(* (a) Assume $\lambda$, $w_1(r)$, $w_2(r)$ are nonnegative and $0\le\alpha\le\frac12[b\lambda+w_1(r)+w_2(r)]$. Then $\widetilde{\mathrm{ET}}_\lambda^\alpha$ is a negative definite kernel on ${\mathcal M}({\mathcal T})$. (b) Assume $\lambda$, $w_1(r)$, $w_2(r)$ are nonnegative and $0\le\alpha<\frac{b\lambda}{2}+\min\{w_1(r),w_2(r)\}$, and let $d_\alpha(\mu,\nu):=\widetilde{\mathrm{ET}}_\lambda^\alpha(\mu,\nu)+\frac{b\lambda}{2}[\mu({\mathcal T})+\nu({\mathcal T})]$. Then $d_\alpha$ is a negative definite kernel on ${\mathcal M}({\mathcal T})$.
   Context: Let ${\mathcal T}$ be a tree rooted at node $r$ with nonnegative edge lengths, identified with the set of its nodes and all points on its edges; $[x,y]$ is the unique path between $x,y$, $d_{\mathcal T}(x,y)$ its length, and $\omega$ the Borel length measure with $\omega([x,y])=d_{\mathcal T}(x,y)$. ${\mathcal M}({\mathcal T})$ is the set of nonnegative Borel measures on ${\mathcal T}$ with finite mass; $L^\infty({\mathcal T})$ is the space of Borel functions bounded $\omega$-a.e. with $\omega$-essential-sup norm. Fix $b\ge0$ and weights $w_1,w_2:{\mathcal T}\to[0,\infty)$. For $0\le\alpha\le\frac12[b\lambda+w_1(r)+w_2(r)]$, $\mathbb{L}_\alpha$ is the set of functions $f(x)=s+\int_{[r,x]}g\,d\omega$ with $s\in[-w_2(r)-\frac{b\lambda}{2}+\alpha,\ w_1(r)+\frac{b\lambda}{2}-\alpha]$ and $\|g\|_{L^\infty({\mathcal T})}\le b$, and $\widetilde{\mathrm{ET}}_\lambda^\alpha(\mu,\nu):=\sup\{\int_{\mathcal T} f\,d(\mu-\nu): f\in\mathbb{L}_\alpha\}-\frac{b\lambda}{2}[\mu({\mathcal T})+\nu({\mathcal T})]$. A kernel $k:\mathcal X\times\mathcal X\to\mathbb{R}$ is negative definite if for all $n\ge2$, all $x_1,\dots,x_n\in\mathcal X$ and all $c_1,\dots,c_n\in\mathbb{R}$ with $\sum_i c_i=0$, one has $\sum_{i,j}c_ic_jk(x_i,x_j)\le0$. *)

theory Defs
  imports "HOL-Analysis.Analysis"
begin

text \<open>A finite rooted metric tree: node set V, root r, parent map par (the edge of a
non-root node v joins v to par v), edge lengths len (len v = length of the edge
above v).  Points of the tree: the root point (r,0), and for every non-root node v
the points (v,t) with 0 < t \<le> len v on the edge above v (measured from par v);
the node v itself is the point (v, len v).  If len v = 0 the edge is the single
point (v,0).\<close>

definition is_rooted_tree :: "'v set \<Rightarrow> 'v \<Rightarrow> ('v \<Rightarrow> 'v) \<Rightarrow> ('v \<Rightarrow> real) \<Rightarrow> bool" where
  "is_rooted_tree V r par len \<longleftrightarrow> finite V \<and> r \<in> V \<and> (\<forall>v\<in>V - {r}. par v \<in> V)
     \<and> (\<forall>v\<in>V. \<exists>n. (par ^^ n) v = r) \<and> (\<forall>v\<in>V. 0 \<le> len v)"

definition tree_pts :: "'v set \<Rightarrow> 'v \<Rightarrow> ('v \<Rightarrow> real) \<Rightarrow> ('v \<times> real) set" where
  "tree_pts V r len = insert (r, 0)
     {(v, t). v \<in> V - {r} \<and> ((0 < t \<and> t \<le> len v) \<or> t = len v)}"

definition path_nodes :: "'v \<Rightarrow> ('v \<Rightarrow> 'v) \<Rightarrow> 'v \<Rightarrow> 'v set" where
  "path_nodes r par v = {(par ^^ k) v | k. k < (LEAST n. (par ^^ n) v = r)}"

definition root_path :: "'v set \<Rightarrow> 'v \<Rightarrow> ('v \<Rightarrow> 'v) \<Rightarrow> ('v \<Rightarrow> real) \<Rightarrow> 'v \<times> real \<Rightarrow> ('v \<times> real) set" where
  "root_path V r par len x = insert (r, 0)
     ({y \<in> tree_pts V r len. fst y \<in> path_nodes r par (fst x) \<and> fst y \<noteq> fst x}
      \<union> {y \<in> tree_pts V r len. fst y = fst x \<and> fst x \<noteq> r \<and> snd y \<le> snd x})"

definition tree_space :: "'v set \<Rightarrow> 'v \<Rightarrow> ('v \<Rightarrow> real) \<Rightarrow> ('v \<times> real) measure" where
  "tree_space V r len = restrict_space (count_space V \<Otimes>\<^sub>M borel) (tree_pts V r len)"

definition length_measure :: "'v set \<Rightarrow> 'v \<Rightarrow> ('v \<Rightarrow> real) \<Rightarrow> ('v \<times> real) measure" where
  "length_measure V r len = measure_of (tree_pts V r len) (sets (tree_space V r len))
     (\<lambda>A. \<Sum>v\<in>V - {r}. emeasure lborel {t \<in> {0<..len v}. (v, t) \<in> A})"

definition tree_measures :: "'v set \<Rightarrow> 'v \<Rightarrow> ('v \<Rightarrow> real) \<Rightarrow> ('v \<times> real) measure set" where
  "tree_measures V r len = {\<mu>. sets \<mu> = sets (tree_space V r len) \<and> finite_measure \<mu>}"

definition L_alpha :: "'v set \<Rightarrow> 'v \<Rightarrow> ('v \<Rightarrow> 'v) \<Rightarrow> ('v \<Rightarrow> real) \<Rightarrow> real \<Rightarrow> real
    \<Rightarrow> ('v \<times> real \<Rightarrow> real) \<Rightarrow> ('v \<times> real \<Rightarrow> real) \<Rightarrow> real \<Rightarrow> ('v \<times> real \<Rightarrow> real) set" where
  "L_alpha V r par len b lam w1 w2 \<alpha> =
     {f. \<exists>s g. - w2 (r, 0) - b * lam / 2 + \<alpha> \<le> s \<and> s \<le> w1 (r, 0) + b * lam / 2 - \<alpha>
          \<and> g \<in> borel_measurable (tree_space V r len)
          \<and> (AE y in length_measure V r len. \<bar>g y\<bar> \<le> b)
          \<and> (\<forall>x\<in>tree_pts V r len.
               f x = s + (LINT y:root_path V r par len x|length_measure V r len. g y))}"

definition ET_tilde :: "'v set \<Rightarrow> 'v \<Rightarrow> ('v \<Rightarrow> 'v) \<Rightarrow> ('v \<Rightarrow> real) \<Rightarrow> real \<Rightarrow> real
    \<Rightarrow> ('v \<times> real \<Rightarrow> real) \<Rightarrow> ('v \<times> real \<Rightarrow> real) \<Rightarrow> real
    \<Rightarrow> ('v \<times> real) measure \<Rightarrow> ('v \<times> real) measure \<Rightarrow> real" where
  "ET_tilde V r par len b lam w1 w2 \<alpha> \<mu> \<nu> =
     (SUP f\<in>L_alpha V r par len b lam w1 w2 \<alpha>. (\<integral>x. f x \<partial>\<mu>) - (\<integral>x. f x \<partial>\<nu>))
     - b * lam / 2 * (measure \<mu> (tree_pts V r len) + measure \<nu> (tree_pts V r len))"

definition neg_def_kernel :: "'a set \<Rightarrow> ('a \<Rightarrow> 'a \<Rightarrow> real) \<Rightarrow> bool" where
  "neg_def_kernel X k \<longleftrightarrow> (\<forall>n::nat. \<forall>x c. 2 \<le> n \<and> (\<forall>i<n. x i \<in> X) \<and> (\<Sum>i<n. c i) = (0::real)
      \<longrightarrow> (\<Sum>i<n. \<Sum>j<n. c i * c j * k (x i) (x j)) \<le> 0)"

end

theory Submission
  imports Defs
begin

(* Write H_mu(y) for the mu-mass of the subtree below y, i.e. of {x. y in [r,x]}.  By Fubini,
   f(x) = s + integral over [r,x] of g  satisfies
     integral f d(mu - nu) = s (mu(T) - nu(T)) + integral g (H_mu - H_nu) d omega,
   so the supremum over L_alpha is attained at the endpoint s of the admissible interval
   selected by the sign of mu(T) - nu(T) and at g = b sgn(H_mu - H_nu).  Up to terms
   a(mu) + e(nu), which vanish from every quadratic form whose coefficients sum to zero,
   ET_tilde is then a nonnegative combination of |mu(T) - nu(T)| and
   integral |H_mu - H_nu| d omega.  Both are negative definite, because |s - t| is the
   integral over u of |1[u < s] - 1[u < t]|, and for 0/1-valued e the quadratic form of
   |e x - e y| equals -2 (sum c_i e(x_i))^2.  Part (b) adds one more term a(mu) + e(nu). *)

section \<open>Negative definite kernels\<close>

lemma neg_def_kernelI:
  fixes k :: "'a \<Rightarrow> 'a \<Rightarrow> real"
  assumes "\<And>(n::nat) x (c::nat \<Rightarrow> real). 2 \<le> n \<Longrightarrow> \<forall>i<n. x i \<in> X \<Longrightarrow> (\<Sum>i<n. c i) = 0
             \<Longrightarrow> (\<Sum>i<n. \<Sum>j<n. c i * c j * k (x i) (x j)) \<le> 0"
  shows "neg_def_kernel X k"
  using assms unfolding neg_def_kernel_def by blast

lemma neg_def_kernelD:
  fixes n :: nat and c :: "nat \<Rightarrow> real"
  assumes "neg_def_kernel X k" "2 \<le> n" "\<forall>i<n. x i \<in> X" "(\<Sum>i<n. c i) = 0"
  shows "(\<Sum>i<n. \<Sum>j<n. c i * c j * k (x i) (x j)) \<le> 0"
  using assms unfolding neg_def_kernel_def by blast

lemma neg_def_kernel_cong:
  assumes k: "neg_def_kernel X k" and eq: "\<And>x y. x \<in> X \<Longrightarrow> y \<in> X \<Longrightarrow> k x y = k' x y"
  shows "neg_def_kernel X k'"
proof (rule neg_def_kernelI)
  fix n x and c :: "nat \<Rightarrow> real"
  assume n: "2 \<le> n" and x: "\<forall>i<n. x i \<in> X" and c: "(\<Sum>i<n. c i) = 0"
  have "(\<Sum>i<n. \<Sum>j<n. c i * c j * k' (x i) (x j)) = (\<Sum>i<n. \<Sum>j<n. c i * c j * k (x i) (x j))"
    using x eq by (intro sum.cong) auto
  also have "\<dots> \<le> 0" by (rule neg_def_kernelD[OF k n x c])
  finally show "(\<Sum>i<n. \<Sum>j<n. c i * c j * k' (x i) (x j)) \<le> 0" .
qed

lemma neg_def_kernel_add:
  assumes "neg_def_kernel X k" "neg_def_kernel X k'"
  shows "neg_def_kernel X (\<lambda>x y. k x y + k' x y)"
  by (rule neg_def_kernelI)
    (simp add: distrib_left sum.distrib add_nonpos_nonpos neg_def_kernelD[OF assms(1)]
      neg_def_kernelD[OF assms(2)])

lemma neg_def_kernel_mult:
  assumes "0 \<le> a" "neg_def_kernel X k"
  shows "neg_def_kernel X (\<lambda>x y. a * k x y)"
proof (rule neg_def_kernelI)
  fix n x and c :: "nat \<Rightarrow> real"
  assume "2 \<le> n" "\<forall>i<n. x i \<in> X" "(\<Sum>i<n. c i) = 0"
  then have "a * (\<Sum>i<n. \<Sum>j<n. c i * c j * k (x i) (x j)) \<le> 0"
    using assms by (simp add: mult_nonneg_nonpos neg_def_kernelD)
  then show "(\<Sum>i<n. \<Sum>j<n. c i * c j * (a * k (x i) (x j))) \<le> 0"
    by (simp add: sum_distrib_left mult.left_commute)
qed

lemma neg_def_kernel_separable: "neg_def_kernel X (\<lambda>x y. a x + e y)"
proof (rule neg_def_kernelI)
  fix n x and c :: "nat \<Rightarrow> real"
  assume c: "(\<Sum>i<n. c i) = 0"
  have split: "c i * c j * (a (x i) + e (x j)) = c i * a (x i) * c j + c i * (c j * e (x j))"
    for i j by (simp add: algebra_simps)
  have "(\<Sum>i<n. \<Sum>j<n. c i * c j * (a (x i) + e (x j)))
      = (\<Sum>i<n. c i * a (x i) * (\<Sum>j<n. c j)) + (\<Sum>i<n. c i * (\<Sum>j<n. c j * e (x j)))"
    unfolding split sum.distrib sum_distrib_left ..
  also have "\<dots> = 0"
    using c by (simp add: sum_distrib_right[symmetric])
  finally show "(\<Sum>i<n. \<Sum>j<n. c i * c j * (a (x i) + e (x j))) \<le> 0" by simp
qed

lemma neg_def_kernel_uminus_mult: "neg_def_kernel X (\<lambda>x y. - (e x * e y))"
proof (rule neg_def_kernelI)
  fix n x and c :: "nat \<Rightarrow> real"
  have "(\<Sum>i<n. \<Sum>j<n. c i * c j * - (e (x i) * e (x j))) = - (\<Sum>i<n. c i * e (x i))\<^sup>2"
    by (simp add: power2_eq_square sum_distrib_left sum_distrib_right algebra_simps sum_negf)
  then show "(\<Sum>i<n. \<Sum>j<n. c i * c j * - (e (x i) * e (x j))) \<le> 0" by simp
qed

lemma neg_def_kernel_compose:
  assumes "neg_def_kernel Y k" "f ` X \<subseteq> Y"
  shows "neg_def_kernel X (\<lambda>x y. k (f x) (f y))"
proof (rule neg_def_kernelI)
  fix n x and c :: "nat \<Rightarrow> real"
  assume "2 \<le> n" "\<forall>i<n. x i \<in> X" "(\<Sum>i<n. c i) = 0"
  then show "(\<Sum>i<n. \<Sum>j<n. c i * c j * k (f (x i)) (f (x j))) \<le> 0"
    using assms by (intro neg_def_kernelD[where x = "f \<circ> x", simplified]) auto
qed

## [Task objective]
Whenever a line in the records contains the word "also", copy that line.

## [Answer section]
  also have "\<dots> \<le> 0" by (rule neg_def_kernelD[OF k n x c])
  also have "\<dots> = 0"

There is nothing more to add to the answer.